Below are records; reproduce exactly the lines from the one that has "using kkt unfolding" through the one that has "c) = (\<Sum>i\<in>P.", ends included, and nothing more.

── Supplied information

lemma active_violation_grads_inner_le:
  fixes f :: "nat \<Rightarrow> 'b::euclidean_space \<Rightarrow> real"
  assumes cc: "convex_constraints l p f"
    and der: "\<forall>c\<in>{1..p}. (f c has_derivative (\<lambda>v. gr c ys \<bullet> v)) (at ys)"
    and T: "T \<subseteq> {c\<in>{1..p}. violation l f c ys = merit l p f ys}" and feas: "merit l p f w = 0"
    and lam: "\<forall>c\<in>T. 0 \<le> lam c" "sum lam T = 1"
  shows "(\<Sum>c\<in>T. lam c *\<^sub>R violation_grad l f gr c ys) \<bullet> (w - ys) \<le> - merit l p f ys"
proof -
  have bound: "violation_grad l f gr c ys \<bullet> (w - ys) \<le> - merit l p f ys" if c: "c \<in> T" for c
  proof -
    have "c \<in> {1..p}" using T c by blast
    then have "violation l f c w \<le> 0" using feas violation_le_merit[of c p l f w] by simp
    moreover have "violation_grad l f gr c ys \<bullet> (w - ys) \<le> violation l f c w - violation l f c ys"
      using cc \<open>c \<in> {1..p}\<close> der by (intro violation_grad_inner_le) auto
    ultimately show ?thesis using T c by auto
  qed
  have "(\<Sum>c\<in>T. lam c *\<^sub>R violation_grad l f gr c ys) \<bullet> (w - ys) \<le> (\<Sum>c\<in>T. lam c * - merit l p f ys)"
    unfolding inner_sum_left
  proof (rule sum_mono)
    fix c assume "c \<in> T"
    then show "(lam c *\<^sub>R violation_grad l f gr c ys) \<bullet> (w - ys) \<le> lam c * - merit l p f ys"
      using mult_left_mono[OF bound, of c "lam c"] lam(1) by simp
  qed
  also have "\<dots> = - merit l p f ys" using lam(2) by (simp add: sum_negf flip: sum_distrib_right)
  finally show ?thesis .
qed

lemma merit_pos_imp_active:
  assumes "0 < merit l p f y"
  shows "\<exists>c\<in>{1..p}. violation l f c y = merit l p f y"
proof -
  have "merit l p f y \<in> insert 0 ((\<lambda>c. violation l f c y) ` {1..p})"
    unfolding merit_def by (intro Max_in) auto
  then show ?thesis using assms by auto
qed

lemma ball_minimizer_kkt:
  fixes f :: "nat \<Rightarrow> 'b::euclidean_space \<Rightarrow> real" and gr :: "nat \<Rightarrow> 'b \<Rightarrow> 'b"
  assumes cc: "convex_constraints l p f"
    and der: "\<forall>c\<in>{1..p}. (f c has_derivative (\<lambda>v. gr c ys \<bullet> v)) (at ys)"
    and ys: "ys \<in> cball yb r" and min: "\<forall>y\<in>cball yb r. merit l p f ys \<le> merit l p f y"
    and pos: "0 < merit l p f ys" and feas: "merit l p f w = 0"
  shows "merit_ball_kkt l p f gr yb ys"
proof -
  define T where "T = {c\<in>{1..p}. violation l f c ys = merit l p f ys}"
  define V where "V c = violation_grad l f gr c ys" for c
  have T: "finite T" "T \<subseteq> {1..p}" "T \<noteq> {}"
    using merit_pos_imp_active[OF pos] by (auto simp: T_def)
  obtain u v b where uv: "0 \<le> u" "0 \<le> v" "u + v = 1" and b: "b \<in> convex hull (V ` T)"
    and zero: "u *\<^sub>R (ys - yb) + v *\<^sub>R b = 0"
    using zero_in_convex_hull_at_minimizer[where gr = gr, OF der ys min pos] convex_hull_insert[of "V ` T"] T
    unfolding T_def V_def by auto
  obtain lam where lam: "\<forall>c\<in>T. 0 \<le> lam c" "sum lam T = 1" and b_eq: "(\<Sum>c\<in>T. lam c *\<^sub>R V c) = b"
    using convex_hull_image_sum[OF T(1) b] by blast
  have "b \<bullet> (w - ys) \<le> - merit l p f ys"
    using active_violation_grads_inner_le[where gr = gr, OF cc der _ feas lam] b_eq by (simp add: T_def V_def)
  \<comment> \<open>the multiplier of the distance term is positive because a feasible point exists\<close>
  then have u: "u > 0" using uv zero pos by (cases "u = 0") auto
  define \<mu> where "\<mu> c = (if c \<in> T then v * lam c * (if c \<le> l then 1 else sgn (f c ys)) else 0)" for c
  have "(\<Sum>c\<in>{1..p}. \<mu> c *\<^sub>R gr c ys) = (\<Sum>c\<in>T. \<mu> c *\<^sub>R gr c ys)"
    using T by (intro sum.mono_neutral_right) (auto simp: \<mu>_def)
  also have "\<dots> = v *\<^sub>R b"
    unfolding b_eq[symmetric] scaleR_sum_right by (intro sum.cong) (auto simp: \<mu>_def V_def violation_grad_def)
  also have "\<dots> = - (u *\<^sub>R (ys - yb))" using zero by (simp add: eq_neg_iff_add_eq_0 add.commute)
  finally have "(\<Sum>c\<in>{1..p}. \<mu> c *\<^sub>R gr c ys) = - (u *\<^sub>R (ys - yb))" .
  moreover have "0 \<le> \<mu> c \<and> (\<mu> c \<noteq> 0 \<longrightarrow> f c ys = merit l p f ys)" if "c \<in> {1..l}" for c
    using that uv lam(1) by (auto simp: \<mu>_def T_def violation_def)
  ultimately show ?thesis unfolding merit_ball_kkt_def using u by blast
qed

lemma merit_ball_kkt_on_sphere:
  fixes f :: "nat \<Rightarrow> 'b::euclidean_space \<Rightarrow> real" and gr :: "nat \<Rightarrow> 'b \<Rightarrow> 'b"
  assumes r: "0 < r" and cc: "convex_constraints l p f"
    and der: "\<forall>c\<in>{1..p}. \<forall>y\<in>cball yb r. (f c has_derivative (\<lambda>v. gr c y \<bullet> v)) (at y)"
    and feas: "merit l p f w = 0" and infeas: "\<forall>y\<in>cball yb r. 0 < merit l p f y"
  shows "\<exists>ys. dist yb ys = r \<and> 0 < merit l p f ys \<and> merit l p f ys \<le> merit l p f yb \<and>
    merit_ball_kkt l p f gr yb ys"
proof -
  have "continuous_on (cball yb r) (f c)" if "c \<in> {1..p}" for c
  proof (intro continuous_at_imp_continuous_on ballI)
    fix y assume "y \<in> cball yb r"
    then show "isCont (f c) y" using der that has_derivative_continuous by blast
  qed
  then have "continuous_on (cball yb r) (merit l p f)" by (intro continuous_on_merit) blast
  moreover have "cball yb r \<noteq> {}" using r by simp
  ultimately obtain ys where ys: "ys \<in> cball yb r" and min: "\<forall>y\<in>cball yb r. merit l p f ys \<le> merit l p f y"
    using continuous_attains_inf[OF compact_cball] by blast
  have "merit l p f w < merit l p f ys" using feas infeas ys by simp
  then have "dist yb ys = r" using convex_min_on_sphere[OF convex_on_merit[OF cc] ys min] by blast
  moreover have "merit l p f ys \<le> merit l p f yb" using min r by simp
  moreover have "\<forall>c\<in>{1..p}. (f c has_derivative (\<lambda>v. gr c ys \<bullet> v)) (at ys)" using der ys by blast
  ultimately show ?thesis
    using ball_minimizer_kkt[where gr = gr, OF cc _ ys min _ feas] infeas ys by blast
qed

lemma multiplier_estimate:
  fixes f :: "nat \<Rightarrow> 'b::euclidean_space \<Rightarrow> real" and gr :: "nat \<Rightarrow> 'b \<Rightarrow> 'b"
  assumes cc: "convex_constraints l p f"
    and der: "\<forall>c\<in>{1..p}. (f c has_derivative (\<lambda>v. gr c ys \<bullet> v)) (at ys)"
    and K: "K \<subseteq> {1..l}" and S: "S \<subseteq> {l+1..p}" and lp: "l \<le> p"
    and active: "\<forall>i\<in>K. f i ys = merit l p f ys" and c: "\<forall>i\<in>K. 0 \<le> c i"
    and le: "merit l p f ys \<le> merit l p f yb"
  shows "(\<Sum>i\<in>K \<union> S. c i *\<^sub>R gr i ys) \<bullet> (yb - ys) \<le> 2 * merit l p f yb * (\<Sum>i\<in>K \<union> S. \<bar>c i\<bar>)"
proof -
  let ?F = "merit l p f"
  have bound: "c i * (gr i ys \<bullet> (yb - ys)) \<le> \<bar>c i\<bar> * (2 * ?F yb)" if i: "i \<in> K \<union> S" for i
  proof (cases "i \<in> K")
    case True
    then have ip: "i \<in> {1..p}" "i \<le> l" using K lp by auto
    have "gr i ys \<bullet> (yb - ys) \<le> violation l f i yb - violation l f i ys"
      using violation_grad_inner_le[where gr = gr, OF cc ip(1)] der ip
      by (simp add: violation_grad_def)
    also have "\<dots> \<le> ?F yb"
      using violation_le_merit[OF ip(1), of l f yb] active True ip merit_nonneg[of l p f ys]
      by (simp add: violation_def)
    finally show ?thesis
      using c True merit_nonneg[of l p f yb] by (auto intro: order_trans[OF mult_left_mono])
  next
    case False
    then have ip: "i \<in> {1..p}" "\<not> i \<le> l" using i S by auto
    obtain a b where ab: "\<forall>y. f i y = a \<bullet> y + b" using convex_constraintsD(2)[OF cc] ip by force
    have "gr i ys = a" using affine_gradient[OF ab] der ip by blast
    then have eq: "gr i ys \<bullet> (yb - ys) = f i yb - f i ys" using ab by (simp add: inner_diff_right)
    have bnd: "\<bar>f i y\<bar> \<le> ?F y" for y
      using violation_le_merit[OF ip(1), of l f y] ip by (simp add: violation_def)
    have "\<bar>gr i ys \<bullet> (yb - ys)\<bar> \<le> 2 * ?F yb"
      using eq le bnd[of yb] bnd[of ys] abs_triangle_ineq4[of "f i yb" "f i ys"] by linarith
    have "c i * (gr i ys \<bullet> (yb - ys)) \<le> \<bar>c i\<bar> * \<bar>gr i ys \<bullet> (yb - ys)\<bar>"
      by (metis abs_ge_self abs_mult)
    also have "\<dots> \<le> \<bar>c i\<bar> * (2 * ?F yb)"
      by (rule mult_left_mono) (use \<open>\<bar>gr i ys \<bullet> (yb - ys)\<bar> \<le> 2 * ?F yb\<close> in auto)
    finally show ?thesis .
  qed
  have "(\<Sum>i\<in>K \<union> S. c i *\<^sub>R gr i ys) \<bullet> (yb - ys) = (\<Sum>i\<in>K \<union> S. c i * (gr i ys \<bullet> (yb - ys)))"
    by (simp add: inner_sum_left)
  also have "\<dots> \<le> (\<Sum>i\<in>K \<union> S. \<bar>c i\<bar> * (2 * ?F yb))" by (intro sum_mono bound)
  also have "\<dots> = 2 * ?F yb * (\<Sum>i\<in>K \<union> S. \<bar>c i\<bar>)" by (simp add: sum_distrib_right mult.commute)
  finally show ?thesis .
qed

lemma reduced_kkt_representation:
  fixes f :: "nat \<Rightarrow> 'b::euclidean_space \<Rightarrow> real" and gr :: "nat \<Rightarrow> 'b \<Rightarrow> 'b"
  assumes lp: "l \<le> p" and kkt: "merit_ball_kkt l p f gr yb ys"
    and S: "S \<subseteq> {l+1..p}" and S_indep: "\<not> fam_lin_dep (\<lambda>i. gr i ys) S"
    and S_span: "span ((\<lambda>i. gr i ys) ` {l+1..p}) = span ((\<lambda>i. gr i ys) ` S)"
  shows "\<exists>K c \<tau>. 0 < \<tau> \<and> K \<subseteq> {1..l} \<and> (\<forall>i\<in>K. 0 \<le> c i \<and> f i ys = merit l p f ys) \<and>
    \<not> fam_lin_dep (\<lambda>i. gr i ys) (K \<union> S) \<and> (\<Sum>i\<in>K \<union> S. c i *\<^sub>R gr i ys) = - (\<tau> *\<^sub>R (ys - yb))"
proof -
  let ?g = "\<lambda>i. gr i ys"
  obtain \<mu> \<tau> where \<tau>: "0 < \<tau>" and \<mu>: "\<forall>c\<in>{1..l}. 0 \<le> \<mu> c \<and> (\<mu> c \<noteq> 0 \<longrightarrow> f c ys = merit l p f ys)"
    and eq: "(\<Sum>c\<in>{1..p}. \<mu> c *\<^sub>R ?g c) = - (\<tau> *\<^sub>R (ys - yb))"
    using kkt unfolding merit_ball_kkt_def by blast
  define P where "P = {i\<in>{1..l}. \<mu> i \<noteq> 0}"
  define z where "z = (\<Sum>j\<in>{l+1..p}. \<mu> j *\<^sub>R ?g j)"
  have "(\<Sum>c\<in>{1..p}. \<mu> c *\<^sub>R ?g c) = (\<Sum>c\<in>{1..l}. \<mu> c *\<^sub>R ?g c) + z"
    unfolding z_def using lp by (subst sum.union_disjoint[symmetric]) (auto intro: sum.cong)
  also have "(\<Sum>c\<in>{1..l}. \<mu> c *\<^sub>R ?g c) = (\<Sum>i\<in>P. \<mu> i *\<^sub>R ?g i)"
    by (rule sum.mono_neutral_right) (auto simp: P_def)
  finally have split: "(\<Sum>i\<in>P. \<mu> i *\<^sub>R ?g i) + z = - (\<tau> *\<^sub>R (ys - yb))" using eq by simp
  have z_span: "z \<in> span (?g ` S)"
    unfolding z_def S_span[symmetric] by (intro span_sum span_scale span_base) auto
  have P_fin: "finite P" and S_fin: "finite S" and disj: "P \<inter> S = {}"
    using S by (auto simp: P_def finite_subset)
  have \<mu>_pos: "\<forall>i\<in>P. \<mu> i \<ge> 0" using \<mu> by (auto simp: P_def)
  from conic_span_combination_reduce[OF P_fin S_fin disj S_indep \<mu>_pos z_span]
  obtain K c where K: "K \<subseteq> P" "\<forall>i\<in>K. c i \<ge> 0" "\<not> fam_lin_dep ?g (K \<union> S)"
    and "(\<Sum>i\<in>K \<union> S. c i *\<^sub>R ?g i) = (\<Sum>i\<in>P. \<mu> i *\<^sub>R ?g i) + z"
    by blast
  with split have "(\<Sum>i\<in>K \<union> S. c i *\<^sub>R ?g i) = - (\<tau> *\<^sub>R (ys - yb))" by simp
  moreover have "K \<subseteq> {1..l}" "\<forall>i\<in>K. f i ys = merit l p f ys" using K(1) \<mu> by (auto simp: P_def)
  ultimately show ?thesis using \<tau> K(2,3) by blast
qed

────

#### Exercise output:
    using kkt unfolding merit_ball_kkt_def by blast
  define P where "P = {i\<in>{1..l}. \<mu> i \<noteq> 0}"
  define z where "z = (\<Sum>j\<in>{l+1..p}. \<mu> j *\<^sub>R ?g j)"
  have "(\<Sum>c\<in>{1..p}. \<mu> c *\<^sub>R ?g c) = (\<Sum>c\<in>{1..l}. \<mu> c *\<^sub>R ?g c) + z"
    unfolding z_def using lp by (subst sum.union_disjoint[symmetric]) (auto intro: sum.cong)
  also have "(\<Sum>c\<in>{1..l}. \<mu> c *\<^sub>R ?g c) = (\<Sum>i\<in>P. \<mu> i *\<^sub>R ?g i)"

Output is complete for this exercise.